REQUIRED WORK: In how many lines of the data below does the word "auto" appear? Reply with the number and nothing more.

ENTRIES SHOWN:
lemma PB_mem_GC_if_cut_violated:
  fixes A :: "real^'n^'m" and B D :: "'n set"
  defines "N' \<equiv> UNIV - B - D"
  assumes basis: "is_basis A B" and x: "x \<in> PB A b B"
    and D: "D \<inter> B = {}" "\<And>j. j \<in> D \<Longrightarrow> 0 < alpha A b B C j \<and> alpha A b B C j < \<infinity>"
    and S: "S \<subseteq> D"
    and g: "\<And>j. j \<in> N' \<Longrightarrow> 0 < g j \<and> ereal (g j) < eps A b B C D S j"
    and gt: "(\<Sum>i\<in>S. x $ i / real_of_ereal (alpha A b B C i)) - (\<Sum>j\<in>N'. x $ j / g j) > 1"
  shows "x \<in> GC A b B C D"
proof -
  let ?al = "\<lambda>j. real_of_ereal (alpha A b B C j)" and ?r = "ray A B"
  define w where "w = (\<lambda>i. x $ i / ?al i)"
  define \<sigma> where "\<sigma> = sum w S"
  define T where "T = (\<Sum>j\<in>N'. x $ j / g j)"
  have x_nonneg: "0 \<le> x $ j" if "j \<notin> B" for j using x that by (auto simp: PB_def)
  have w: "w i * ?al i = x $ i \<and> 0 \<le> w i" if "i \<in> S" for i
  proof -
    have "0 < ?al i" using D(2)[of i] S that by (cases "alpha A b B C i") auto
    moreover have "i \<notin> B" using D(1) S that by auto
    ultimately show ?thesis using x_nonneg by (simp add: w_def)
  qed
  have "0 \<le> T" unfolding T_def
  proof (rule sum_nonneg)
    fix j assume j: "j \<in> N'"
    hence "0 \<le> x $ j" "0 < g j" using x_nonneg g by (auto simp: N'_def)
    thus "0 \<le> x $ j / g j" by simp
  qed
  hence T_lt: "T < \<sigma> - 1" and \<sigma>: "0 < \<sigma>" using gt by (simp_all add: \<sigma>_def w_def T_def)
  have "(\<Sum>i\<in>S. (1 - T / \<sigma>) * w i) = (1 - T / \<sigma>) * \<sigma>"
    by (simp only: \<sigma>_def sum_distrib_left)
  also have "\<dots> = \<sigma> - T" using \<sigma> by (simp add: left_diff_distrib)
  finally have p: "basic_sol A b B + (\<Sum>i\<in>S. ((1 - T / \<sigma>) * w i * ?al i) *\<^sub>R ?r i) \<in> GC A b B C D"
    using D(2) S w T_lt \<sigma> by (intro tail_combination_in_GC) auto
  define d where "d = (\<Sum>i\<in>S. (w i / \<sigma>) *\<^sub>R (\<Sum>j\<in>N'. (x $ j / g j) *\<^sub>R (?al i *\<^sub>R ?r i + g j *\<^sub>R ?r j)))
                      + (\<Sum>j\<in>D - S. x $ j *\<^sub>R ?r j)"
  have d_recc: "d \<in> recc (GC A b B C D)"
    unfolding d_def N'_def
    using D w \<sigma> g x_nonneg S by (intro cut_direction_sum_in_recc_GC) (auto simp: N'_def)
  have "(\<Sum>j\<in>UNIV - B. x $ j *\<^sub>R ?r j) = (\<Sum>i\<in>S. ((1 - T / \<sigma>) * w i * ?al i) *\<^sub>R ?r i) + d"
    unfolding d_def T_def \<sigma>_def N'_def
  proof (rule ray_sum_decomposition)
    show "\<forall>i\<in>S. w i * ?al i = x $ i" using w by simp
    show "sum w S \<noteq> 0" using \<sigma> by (simp add: \<sigma>_def)
    show "\<forall>j\<in>UNIV - B - D. g j \<noteq> 0" using g by (force simp: N'_def)
  qed (use S D(1) in auto)
  hence "x = (basic_sol A b B + (\<Sum>i\<in>S. ((1 - T / \<sigma>) * w i * ?al i) *\<^sub>R ?r i)) + d"
    using PB_eq_basic_sol_plus_rays[OF basis x] by (simp add: add.assoc)
  thus ?thesis using add_recc_mem[OF p d_recc] by simp
qed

SOLUTION BELOW: 7